====== Extracted entries

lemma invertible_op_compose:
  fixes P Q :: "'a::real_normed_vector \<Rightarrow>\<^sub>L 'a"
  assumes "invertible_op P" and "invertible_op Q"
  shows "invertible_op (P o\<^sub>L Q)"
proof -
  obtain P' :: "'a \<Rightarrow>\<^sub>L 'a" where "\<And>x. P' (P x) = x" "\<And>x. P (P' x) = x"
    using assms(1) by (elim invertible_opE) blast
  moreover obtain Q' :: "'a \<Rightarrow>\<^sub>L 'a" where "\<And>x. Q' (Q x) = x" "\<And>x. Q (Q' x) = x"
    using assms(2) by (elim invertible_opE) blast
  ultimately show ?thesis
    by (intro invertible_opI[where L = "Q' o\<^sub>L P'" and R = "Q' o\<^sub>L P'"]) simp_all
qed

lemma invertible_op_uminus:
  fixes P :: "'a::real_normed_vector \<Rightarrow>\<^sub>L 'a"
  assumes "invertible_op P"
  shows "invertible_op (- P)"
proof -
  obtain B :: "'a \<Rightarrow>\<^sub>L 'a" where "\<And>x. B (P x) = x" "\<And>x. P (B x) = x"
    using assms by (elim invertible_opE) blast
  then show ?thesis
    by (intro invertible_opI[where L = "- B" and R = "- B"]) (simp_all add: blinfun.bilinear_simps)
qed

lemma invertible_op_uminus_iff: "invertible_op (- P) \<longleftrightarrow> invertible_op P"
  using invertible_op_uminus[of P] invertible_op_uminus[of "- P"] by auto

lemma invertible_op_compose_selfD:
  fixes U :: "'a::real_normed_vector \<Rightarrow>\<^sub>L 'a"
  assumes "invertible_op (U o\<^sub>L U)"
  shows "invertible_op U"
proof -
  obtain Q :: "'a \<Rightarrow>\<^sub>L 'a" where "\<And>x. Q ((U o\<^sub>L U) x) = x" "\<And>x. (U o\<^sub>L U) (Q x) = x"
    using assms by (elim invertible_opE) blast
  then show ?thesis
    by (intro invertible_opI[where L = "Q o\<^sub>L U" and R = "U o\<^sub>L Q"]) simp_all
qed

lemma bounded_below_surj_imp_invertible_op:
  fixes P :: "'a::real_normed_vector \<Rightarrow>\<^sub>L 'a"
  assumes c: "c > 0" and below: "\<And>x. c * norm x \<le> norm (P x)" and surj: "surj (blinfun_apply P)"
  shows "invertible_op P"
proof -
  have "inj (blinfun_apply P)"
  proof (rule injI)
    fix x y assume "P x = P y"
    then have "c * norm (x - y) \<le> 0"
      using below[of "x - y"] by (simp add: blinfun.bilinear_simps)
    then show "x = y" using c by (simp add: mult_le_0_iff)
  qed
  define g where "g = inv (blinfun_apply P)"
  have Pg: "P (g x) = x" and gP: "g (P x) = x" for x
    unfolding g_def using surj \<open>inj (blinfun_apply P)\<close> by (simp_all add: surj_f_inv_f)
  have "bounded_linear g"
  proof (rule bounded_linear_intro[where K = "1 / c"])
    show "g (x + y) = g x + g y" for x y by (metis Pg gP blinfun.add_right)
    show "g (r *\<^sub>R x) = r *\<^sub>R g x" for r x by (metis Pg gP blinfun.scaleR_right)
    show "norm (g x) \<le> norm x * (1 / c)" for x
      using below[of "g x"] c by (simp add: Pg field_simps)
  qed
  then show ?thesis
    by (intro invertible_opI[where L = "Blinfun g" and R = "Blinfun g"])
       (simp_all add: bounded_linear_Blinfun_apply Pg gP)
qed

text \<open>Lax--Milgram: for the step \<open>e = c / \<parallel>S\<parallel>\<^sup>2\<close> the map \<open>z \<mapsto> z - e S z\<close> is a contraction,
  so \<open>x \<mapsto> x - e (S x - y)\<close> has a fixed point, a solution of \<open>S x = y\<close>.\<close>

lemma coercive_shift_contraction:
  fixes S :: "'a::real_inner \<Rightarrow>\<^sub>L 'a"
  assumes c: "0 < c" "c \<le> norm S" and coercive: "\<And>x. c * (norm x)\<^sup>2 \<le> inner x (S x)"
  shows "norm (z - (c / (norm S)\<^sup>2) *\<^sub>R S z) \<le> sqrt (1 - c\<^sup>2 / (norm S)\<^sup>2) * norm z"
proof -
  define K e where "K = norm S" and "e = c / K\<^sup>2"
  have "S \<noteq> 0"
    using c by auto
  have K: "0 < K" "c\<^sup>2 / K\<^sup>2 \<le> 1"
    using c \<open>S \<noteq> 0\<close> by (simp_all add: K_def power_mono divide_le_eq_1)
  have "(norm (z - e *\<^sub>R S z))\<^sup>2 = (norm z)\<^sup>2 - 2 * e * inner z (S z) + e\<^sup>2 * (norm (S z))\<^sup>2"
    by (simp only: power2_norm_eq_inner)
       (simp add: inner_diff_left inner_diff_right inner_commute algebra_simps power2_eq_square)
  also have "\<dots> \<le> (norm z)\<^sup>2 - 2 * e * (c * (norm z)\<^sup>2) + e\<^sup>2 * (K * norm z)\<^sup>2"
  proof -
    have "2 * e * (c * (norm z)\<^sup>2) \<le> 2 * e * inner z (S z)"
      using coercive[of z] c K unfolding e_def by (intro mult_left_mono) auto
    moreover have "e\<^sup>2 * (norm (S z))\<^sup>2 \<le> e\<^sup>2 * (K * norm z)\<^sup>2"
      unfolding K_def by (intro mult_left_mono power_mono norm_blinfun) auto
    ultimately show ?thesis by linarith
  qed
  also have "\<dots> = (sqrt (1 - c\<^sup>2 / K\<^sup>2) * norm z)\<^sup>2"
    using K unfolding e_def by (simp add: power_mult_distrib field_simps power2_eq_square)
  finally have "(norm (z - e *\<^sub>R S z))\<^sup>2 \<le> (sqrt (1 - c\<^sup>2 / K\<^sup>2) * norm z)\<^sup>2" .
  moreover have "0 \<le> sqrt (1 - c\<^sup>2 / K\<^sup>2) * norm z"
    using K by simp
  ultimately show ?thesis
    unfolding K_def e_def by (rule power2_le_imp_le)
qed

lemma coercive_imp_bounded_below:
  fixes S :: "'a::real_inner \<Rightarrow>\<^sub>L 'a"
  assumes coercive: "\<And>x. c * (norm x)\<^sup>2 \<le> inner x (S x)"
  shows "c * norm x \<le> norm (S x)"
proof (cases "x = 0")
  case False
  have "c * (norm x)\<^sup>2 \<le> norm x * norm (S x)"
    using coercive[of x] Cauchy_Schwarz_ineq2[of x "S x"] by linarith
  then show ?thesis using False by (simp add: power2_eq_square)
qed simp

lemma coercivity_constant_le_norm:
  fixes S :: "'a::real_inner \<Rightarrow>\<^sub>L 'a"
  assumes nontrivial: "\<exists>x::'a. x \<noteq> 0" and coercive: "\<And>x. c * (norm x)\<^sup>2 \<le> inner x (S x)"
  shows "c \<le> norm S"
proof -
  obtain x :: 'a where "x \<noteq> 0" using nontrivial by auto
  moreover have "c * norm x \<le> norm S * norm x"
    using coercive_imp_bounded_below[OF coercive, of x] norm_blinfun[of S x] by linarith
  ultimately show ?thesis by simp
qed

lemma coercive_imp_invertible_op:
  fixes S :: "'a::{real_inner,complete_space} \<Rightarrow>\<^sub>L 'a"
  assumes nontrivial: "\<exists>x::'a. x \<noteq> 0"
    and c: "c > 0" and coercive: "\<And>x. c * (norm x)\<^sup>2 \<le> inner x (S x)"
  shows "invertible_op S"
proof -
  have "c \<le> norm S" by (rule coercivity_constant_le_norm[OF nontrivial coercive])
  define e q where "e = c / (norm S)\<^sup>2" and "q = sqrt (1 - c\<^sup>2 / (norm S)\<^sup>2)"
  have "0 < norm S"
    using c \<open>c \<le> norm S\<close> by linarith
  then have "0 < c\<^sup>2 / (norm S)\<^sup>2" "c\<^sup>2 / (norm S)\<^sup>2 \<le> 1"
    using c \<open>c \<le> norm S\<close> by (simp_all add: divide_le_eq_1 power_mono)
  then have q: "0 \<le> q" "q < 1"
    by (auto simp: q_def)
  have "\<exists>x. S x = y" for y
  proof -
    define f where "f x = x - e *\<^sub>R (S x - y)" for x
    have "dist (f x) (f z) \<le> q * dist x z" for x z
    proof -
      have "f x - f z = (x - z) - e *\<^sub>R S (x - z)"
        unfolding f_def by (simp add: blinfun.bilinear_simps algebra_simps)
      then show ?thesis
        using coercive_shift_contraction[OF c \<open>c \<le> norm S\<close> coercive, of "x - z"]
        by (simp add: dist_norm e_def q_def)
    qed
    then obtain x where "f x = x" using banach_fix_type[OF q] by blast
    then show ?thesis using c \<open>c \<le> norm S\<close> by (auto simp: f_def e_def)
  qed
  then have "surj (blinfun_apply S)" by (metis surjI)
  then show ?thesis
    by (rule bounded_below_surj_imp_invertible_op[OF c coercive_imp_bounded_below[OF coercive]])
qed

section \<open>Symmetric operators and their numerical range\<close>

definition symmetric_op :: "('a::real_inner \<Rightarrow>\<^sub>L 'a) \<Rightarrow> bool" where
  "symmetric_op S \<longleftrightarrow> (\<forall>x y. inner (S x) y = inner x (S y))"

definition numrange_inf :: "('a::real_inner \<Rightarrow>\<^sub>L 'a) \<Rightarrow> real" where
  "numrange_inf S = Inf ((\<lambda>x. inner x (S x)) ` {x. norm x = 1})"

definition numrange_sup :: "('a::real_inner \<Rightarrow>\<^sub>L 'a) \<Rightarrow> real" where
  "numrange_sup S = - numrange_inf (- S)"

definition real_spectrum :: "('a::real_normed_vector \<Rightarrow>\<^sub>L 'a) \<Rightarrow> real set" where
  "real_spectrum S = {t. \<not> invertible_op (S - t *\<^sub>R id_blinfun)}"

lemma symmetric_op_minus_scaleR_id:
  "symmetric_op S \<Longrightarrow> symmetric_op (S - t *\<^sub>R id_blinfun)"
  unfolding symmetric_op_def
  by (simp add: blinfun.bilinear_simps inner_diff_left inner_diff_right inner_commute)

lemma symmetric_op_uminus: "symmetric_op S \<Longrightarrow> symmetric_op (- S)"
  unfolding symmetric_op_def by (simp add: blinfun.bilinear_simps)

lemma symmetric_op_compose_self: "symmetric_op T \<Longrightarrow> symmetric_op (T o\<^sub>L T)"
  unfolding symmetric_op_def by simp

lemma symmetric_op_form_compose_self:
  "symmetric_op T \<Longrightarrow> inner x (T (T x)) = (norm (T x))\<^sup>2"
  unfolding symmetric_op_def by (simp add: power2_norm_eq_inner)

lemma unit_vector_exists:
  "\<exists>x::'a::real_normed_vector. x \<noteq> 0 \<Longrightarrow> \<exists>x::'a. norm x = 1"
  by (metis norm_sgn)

============

## Action item
Search the lines above for the string "assms" and copy each line that has it.

## Result
    using assms(1) by (elim invertible_opE) blast
    using assms(2) by (elim invertible_opE) blast
    using assms by (elim invertible_opE) blast
    using assms by (elim invertible_opE) blast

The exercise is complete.